* **RECORDS FOR PROCESSING**
definition mbqc_outcome_prob :: "nat \<Rightarrow> (nat \<Rightarrow> nat \<Rightarrow> bool) \<Rightarrow> (nat \<Rightarrow> bool \<Rightarrow> bool \<Rightarrow> complex)
     \<Rightarrow> bool list \<Rightarrow> real" where
  "mbqc_outcome_prob m E b s = (cmod (\<Sum>t\<in>bits m.
      (\<Prod>j<m. cnj (b j (s ! j) (t ! j))) * graph_state m E t))\<^sup>2"

definition lin_post :: "nat \<Rightarrow> nat \<Rightarrow> nat \<Rightarrow> (nat \<Rightarrow> nat \<Rightarrow> bool) \<Rightarrow> (nat \<Rightarrow> nat \<Rightarrow> bool)
     \<Rightarrow> (nat \<Rightarrow> bool) \<Rightarrow> bool list \<Rightarrow> bool list \<Rightarrow> bool list" where
  "lin_post q m n A B c x s = map (\<lambda>i. (c i \<noteq> odd (card {j. j < m \<and> A i j \<and> s ! j}))
        \<noteq> odd (card {j. j < n \<and> B i j \<and> x ! j})) [0..<q]"

definition mbqc_prob :: "nat \<Rightarrow> nat \<Rightarrow> nat \<Rightarrow> (nat \<Rightarrow> nat \<Rightarrow> bool) \<Rightarrow> (nat \<Rightarrow> bool \<Rightarrow> bool \<Rightarrow> complex)
     \<Rightarrow> (nat \<Rightarrow> nat \<Rightarrow> bool) \<Rightarrow> (nat \<Rightarrow> nat \<Rightarrow> bool) \<Rightarrow> (nat \<Rightarrow> bool)
     \<Rightarrow> bool list \<Rightarrow> bool list \<Rightarrow> real" where
  "mbqc_prob q m n E b A B c x y =
     (\<Sum>s\<in>{s \<in> bits m. lin_post q m n A B c x s = y}. mbqc_outcome_prob m E b s)"

end

theory Submission imports Defs begin

text \<open>Each gate \<open>D(\<theta>, z)\<close> is diagonal in the Hadamard basis, where it multiplies \<open>|u\<rangle>\<close> by
  \<open>cos \<theta> + i sin \<theta> (-1)^(z\<cdot>u)\<close>. Take the graph with one vertex per circuit qubit and one per
  gate, joining the vertex of gate \<open>g\<close> to the qubits in the support of \<open>z_g\<close>. Measure the qubit
  vertices in the X basis and the vertex of gate \<open>g\<close> in a basis rotated by \<open>\<theta>_g\<close>: summing out
  that vertex produces the factor \<open>cos \<theta>_g + i sin \<theta>_g (-1)^(z_g\<cdot>u)\<close>, times the byproduct
  \<open>(-1)^(z_g\<cdot>u)\<close> when its outcome is 1. The byproducts are X corrections on the output, and
  \<open>U\<close> commutes with every \<open>X[w]\<close>, so XORing each qubit outcome with the parity of the adjacent
  gate outcomes and with the input bit gives \<open>y\<close> with probability \<open>|\<langle>y|U|x,0\<rangle>|^2\<close>: each of the
  \<open>2^L\<close> patterns of gate outcomes contributes \<open>|\<langle>y|U|x,0\<rangle>|^2 / 2^L\<close>.\<close>

definition parity_sign :: "bool \<Rightarrow> complex" where
  "parity_sign b = (if b then -1 else 1)"

lemma parity_sign_xor: "parity_sign (a \<noteq> b) = parity_sign a * parity_sign b"
  by (simp add: parity_sign_def)

lemma parity_sign_mult_self: "parity_sign a * parity_sign a = 1"
  by (simp add: parity_sign_def)

lemma cnj_parity_sign: "cnj (parity_sign a) = parity_sign a"
  by (simp add: parity_sign_def)

lemma parity_sign_eq_iff: "parity_sign a = parity_sign b \<longleftrightarrow> a = b"
  by (simp add: parity_sign_def)

lemma minus_one_power_eq_parity_sign: "(-1::complex) ^ n = parity_sign (odd n)"
  by (simp add: parity_sign_def minus_one_power_iff)

lemma prod_parity_sign:
  "finite G \<Longrightarrow> (\<Prod>j\<in>G. parity_sign (P j)) = parity_sign (odd (card {j\<in>G. P j}))"
proof (induction G rule: finite_induct)
  case empty
  then show ?case by (simp add: parity_sign_def)
next
  case (insert x F)
  have "{j\<in>insert x F. P j} = (if P x then insert x {j\<in>F. P j} else {j\<in>F. P j})"
    by auto
  then have "card {j\<in>insert x F. P j} = (if P x then Suc (card {j\<in>F. P j}) else card {j\<in>F. P j})"
    using insert by auto
  then show ?case
    using insert by (auto simp: parity_sign_def)
qed

lemma prod_parity_sign_lessThan:
  "(\<Prod>j<(m::nat). parity_sign (P j)) = parity_sign (odd (card {j. j < m \<and> P j}))"
  using prod_parity_sign[of "{..<m}" P] by simp

lemma prod_lessThan_add:
  "(\<Prod>j<(q::nat)+L. f j) = (\<Prod>j<q. f j) * (\<Prod>g<L. (f (q+g) :: 'a::comm_monoid_mult))"
  by (induction L) (simp_all add: mult.assoc)

definition walsh_char :: "nat \<Rightarrow> (nat \<Rightarrow> bool) \<Rightarrow> bool list \<Rightarrow> complex" where
  "walsh_char q w u = (\<Prod>i<q. parity_sign (w i \<and> u!i))"

lemma walsh_char_mult_self: "walsh_char q w u * walsh_char q w u = 1"
  by (simp add: walsh_char_def prod.distrib[symmetric] parity_sign_mult_self)

lemma walsh_char_xor: "walsh_char q (\<lambda>i. v i \<noteq> w i) u = walsh_char q v u * walsh_char q w u"
  unfolding walsh_char_def prod.distrib[symmetric]
  by (rule prod.cong) (auto simp: parity_sign_def)

lemma walsh_char_cong: "(\<And>i. i < q \<Longrightarrow> v i = w i) \<Longrightarrow> walsh_char q v u = walsh_char q w u"
  unfolding walsh_char_def by (rule prod.cong) auto

lemma mem_bits_iff: "s \<in> bits k \<longleftrightarrow> length s = k"
  by (simp add: bits_def)

lemma finite_bits [simp]: "finite (bits q)"
  using finite_lists_length_eq[of "UNIV::bool set" q] by (simp add: bits_def)

lemma card_bits: "card (bits q) = 2 ^ q"
  using card_lists_length_eq[of "UNIV::bool set" q] by (simp add: bits_def)

lemma bits_Suc: "bits (Suc L) = (\<lambda>(b,v). b#v) ` (UNIV \<times> bits L)"
  by (auto simp: bits_def image_iff) (metis Suc_length_conv)
lemma beta_code_standard_length:
  assumes f: "\<And>j. j \<le> n \<Longrightarrow> f j \<in> C \<and> f j \<preceq> D" and D: "D \<in> C" "Z \<prec> D"
  shows "\<exists>a\<in>C. \<exists>b\<in>C. Z \<prec> b \<and> (\<forall>j\<le>n. rem a (beta_mod b (num M j)) = f j)"
proof -
  obtain b where b: "b \<in> C" "Z \<prec> b" "D \<preceq> b" "divides_all_upto b (num M n)"
    using divides_all_upto_exists_ge[of "num M n" D] D by auto
  have "\<exists>a\<in>C. \<exists>L\<in>C. Z \<prec> L \<and> (\<forall>j\<le>k. rem a (beta_mod b (num M j)) = f j) \<and>
     (\<forall>j\<in>C. j \<preceq> num M k \<longrightarrow> dvd_in M (beta_mod b j) L) \<and>
     (\<forall>k'\<in>C. num M k \<prec> k' \<longrightarrow> k' \<preceq> num M n \<longrightarrow> coprime_in M L (beta_mod b k'))" if "k \<le> n" for k
    using that
  proof (induct k)
    case 0
    have m: "beta_mod b Z \<in> C" "U \<prec> beta_mod b Z" "Z \<prec> beta_mod b Z"
      using beta_mod_gt1[of b Z] beta_mod_pos[of b Z] b by auto
    have "f 0 \<preceq> b" using f[of 0] le_trans[of "f 0" D b] b D by simp
    then have f0: "f 0 \<prec> beta_mod b Z"
      using f[of 0] le_lt_trans[of "f 0" b "beta_mod b Z"] lt_beta_mod[of b Z] b by simp
    have "rem (f 0) (beta_mod b Z) = f 0" using rem_small[of "beta_mod b Z" "f 0"] m f[of 0] f0 by simp
    moreover have "\<forall>k'\<in>C. Z \<prec> k' \<longrightarrow> k' \<preceq> num M n \<longrightarrow> coprime_in M (beta_mod b Z) (beta_mod b k')"
      using beta_mod_coprime[of b "num M n" Z] b by simp
    moreover have "\<forall>j\<in>C. j \<preceq> Z \<longrightarrow> dvd_in M (beta_mod b j) (beta_mod b Z)"
    proof (intro ballI impI)
      fix j assume "j \<in> C" "j \<preceq> Z"
      then have "j = Z" using le_antisym[of j Z] by simp
      then show "dvd_in M (beta_mod b j) (beta_mod b Z)" using m by simp
    qed
    ultimately show ?case using m f[of 0] by (intro bexI[of _ "f 0"] bexI[of _ "beta_mod b Z"]) auto
  next
    case (Suc k)
    then obtain a L where aL: "a \<in> C" "L \<in> C" "Z \<prec> L" "\<forall>j\<le>k. rem a (beta_mod b (num M j)) = f j"
      "\<forall>j\<in>C. j \<preceq> num M k \<longrightarrow> dvd_in M (beta_mod b j) L"
      "\<forall>k'\<in>C. num M k \<prec> k' \<longrightarrow> k' \<preceq> num M n \<longrightarrow> coprime_in M L (beta_mod b k')" by auto
    have kn: "num M k \<prec> num M n" using Suc num_lt by simp
    have w: "f (Suc k) \<in> C" "f (Suc k) \<preceq> D" using f Suc(2) by auto
    then have wlt: "f (Suc k) \<prec> beta_mod b (num M k \<oplus> U)"
      using le_lt_trans[of "f (Suc k)" D "beta_mod b (num M k \<oplus> U)"] le_lt_trans[of D b "beta_mod b (num M k \<oplus> U)"]
        lt_beta_mod[of b "num M k \<oplus> U"] b D by simp
    obtain a' where a': "a' \<in> C" "\<forall>j\<in>C. j \<preceq> num M k \<longrightarrow> rem a' (beta_mod b j) = rem a (beta_mod b j)"
      "rem a' (beta_mod b (num M k \<oplus> U)) = f (Suc k)"
      using beta_code_extend[of b "num M n" "num M k" a L "f (Suc k)"] b aL kn w wlt by auto
    have "\<forall>j\<le>Suc k. rem a' (beta_mod b (num M j)) = f j"
    proof (intro allI impI)
      fix j assume "j \<le> Suc k"
      then consider "j \<le> k" | "j = Suc k" by linarith
      then show "rem a' (beta_mod b (num M j)) = f j"
      proof cases
        case 1 then show ?thesis using a' aL num_le[of j k] by simp
      next
        case 2 then show ?thesis using a' num_Suc by simp
      qed
    qed
    then show ?case using beta_moduli_product_extend[of b "num M n" "num M k" L] b aL kn a' num_Suc[of k]
      by (intro bexI[of _ a'] bexI[of _ "L \<otimes> beta_mod b (num M k \<oplus> U)"]) auto
  qed
  then show ?thesis using b by blast
qed

definition dvd_bdd where "dvd_bdd x y \<longleftrightarrow> (\<exists>c\<in>C. c \<preceq> y \<and> y = x \<otimes> c)"
definition prime_bdd where "prime_bdd x \<longleftrightarrow> U \<prec> x \<and> (\<forall>c\<in>C. c \<preceq> x \<longrightarrow> dvd_bdd c x \<longrightarrow> c = U \<or> c = x)"
definition coprime_bdd where "coprime_bdd x y \<longleftrightarrow> (\<forall>c\<in>C. c \<preceq> x \<longrightarrow> dvd_bdd c x \<longrightarrow> dvd_bdd c y \<longrightarrow> c = U)"
definition beta_bdd where "beta_bdd a b j w \<longleftrightarrow> w \<prec> beta_mod b j \<and> (\<exists>c\<in>C. c \<preceq> a \<and> a = c \<otimes> beta_mod b j \<oplus> w)"
lemma sat_dvd_fm[simp]: "q \<notin> tvars s \<Longrightarrow> q \<notin> tvars t \<Longrightarrow> sat M r (dvd_fm q s t) = dvd_bdd (ev M r s) (ev M r t)"
  unfolding dvd_fm_def dvd_bdd_def by simp
lemma sat_prime_fm[simp]: "d \<noteq> q \<Longrightarrow> d \<notin> tvars t \<Longrightarrow> q \<notin> tvars t \<Longrightarrow> sat M r (prime_fm d q t) = prime_bdd (ev M r t)"
  unfolding prime_fm_def prime_bdd_def by (simp add: lt_def)

lemma sat_coprime_fm[simp]: "d \<noteq> q \<Longrightarrow> d \<notin> tvars s \<Longrightarrow> q \<notin> tvars s \<Longrightarrow> d \<notin> tvars t \<Longrightarrow> q \<notin> tvars t \<Longrightarrow>
    sat M r (coprime_fm d q s t) = coprime_bdd (ev M r s) (ev M r t)"
  unfolding coprime_fm_def coprime_bdd_def by auto

lemma sat_beta_fm[simp]: "q \<notin> tvars a \<Longrightarrow> q \<notin> tvars b \<Longrightarrow> q \<notin> tvars j \<Longrightarrow> q \<notin> tvars w \<Longrightarrow>
    sat M r (beta_fm q a b j w) = beta_bdd (ev M r a) (ev M r b) (ev M r j) (ev M r w)"
  unfolding beta_fm_def beta_bdd_def beta_mod_def by (simp add: lt_def)

lemma dvd_bdd_iff[simp]: assumes "x \<in> C" "y \<in> C" shows "dvd_bdd x y = dvd_in M x y"
proof
  assume "dvd_bdd x y" then show "dvd_in M x y" unfolding dvd_bdd_def dvd_in_def by blast
next
  assume "dvd_in M x y"
  then obtain c where c: "c \<in> C" "y = x \<otimes> c" unfolding dvd_in_def by blast
  show "dvd_bdd x y"
  proof (cases "y = Z")
    case True then show ?thesis unfolding dvd_bdd_def using assms by (intro bexI[of _ Z]) auto
  next
    case False
    then have "x \<noteq> Z" "c \<noteq> Z" using c assms by auto
    then have "c \<preceq> y" using le_mul[of c x] c assms pos_iff[of x] mul_comm[of c x] by simp
    then show ?thesis unfolding dvd_bdd_def using c by blast
  qed
qed

lemma prime_bdd_iff[simp]: assumes "x \<in> C" shows "prime_bdd x = prime_in M x"
proof -
  have "U \<prec> x \<Longrightarrow> x \<noteq> Z" using assms lt_asym[of Z x] lt_trans[of Z U x] by auto
  then show ?thesis unfolding prime_bdd_def prime_in_def using assms dvd_le[of _ x] by auto
qed

lemma coprime_bdd_iff[simp]: assumes "x \<in> C" "y \<in> C" "x \<noteq> Z" shows "coprime_bdd x y = coprime_in M x y"
  unfolding coprime_bdd_def coprime_in_def using assms dvd_le[of _ x] by auto

lemma rem_le[simp]: "m \<in> C \<Longrightarrow> Z \<prec> m \<Longrightarrow> a \<in> C \<Longrightarrow> rem a m \<preceq> a"
proof -
  assume a: "m \<in> C" "Z \<prec> m" "a \<in> C"
  obtain q r where qr: "q \<in> C" "r \<in> C" "a = q \<otimes> m \<oplus> r" "r \<prec> m" "rem a m = r" by (rule remE[OF a])
  then show ?thesis using le_add2[of r "q \<otimes> m"] a by simp
qed

lemma beta_bdd_iff[simp]: assumes "a \<in> C" "b \<in> C" "j \<in> C" "w \<in> C" "Z \<prec> b"
  shows "beta_bdd a b j w = (w = rem a (beta_mod b j))"
proof -
  have m: "beta_mod b j \<in> C" "Z \<prec> beta_mod b j" using beta_mod_pos[of b j] assms by auto
  show ?thesis
  proof
    assume "beta_bdd a b j w"
    then obtain c where "c \<in> C" "a = c \<otimes> beta_mod b j \<oplus> w" "w \<prec> beta_mod b j" unfolding beta_bdd_def by blast
    then show "w = rem a (beta_mod b j)" using rem_unique(1)[of "beta_mod b j" c w a] m assms by simp
  next
    assume w: "w = rem a (beta_mod b j)"
    obtain q r where qr: "q \<in> C" "r \<in> C" "a = q \<otimes> beta_mod b j \<oplus> r" "r \<prec> beta_mod b j" "rem a (beta_mod b j) = r"
      by (rule remE[of "beta_mod b j" a]) (use m assms in auto)
    have "q \<preceq> q \<otimes> beta_mod b j" using le_mul[of q "beta_mod b j"] qr m by simp
    moreover have "q \<otimes> beta_mod b j \<preceq> a" using qr le_add[of "q \<otimes> beta_mod b j" r] m by simp
    ultimately have "q \<preceq> a" using le_trans[of q "q \<otimes> beta_mod b j" a] qr m assms by simp
    then show "beta_bdd a b j w" unfolding beta_bdd_def using qr w by (intro conjI bexI[of _ q]) auto
  qed
qed

subsection \<open>Existence of radicals\<close>

definition rad_step where
  "rad_step N j w = (if prime_in M (j \<oplus> U) \<and> dvd_in M (j \<oplus> U) N then w \<otimes> (j \<oplus> U) else w)"
definition rad_approx where
  "rad_approx D j w \<longleftrightarrow> dvd_in M w D \<and> (\<forall>p\<in>C. prime_in M p \<and> dvd_in M p w \<longrightarrow> p \<preceq> j)"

* **EXERCISE BRIEF**
Look over the records above and filter for each line with the word "symmetric".

* **TASK RESPONSE**
  by (simp add: walsh_char_def prod.distrib[symmetric] parity_sign_mult_self)
  unfolding walsh_char_def prod.distrib[symmetric]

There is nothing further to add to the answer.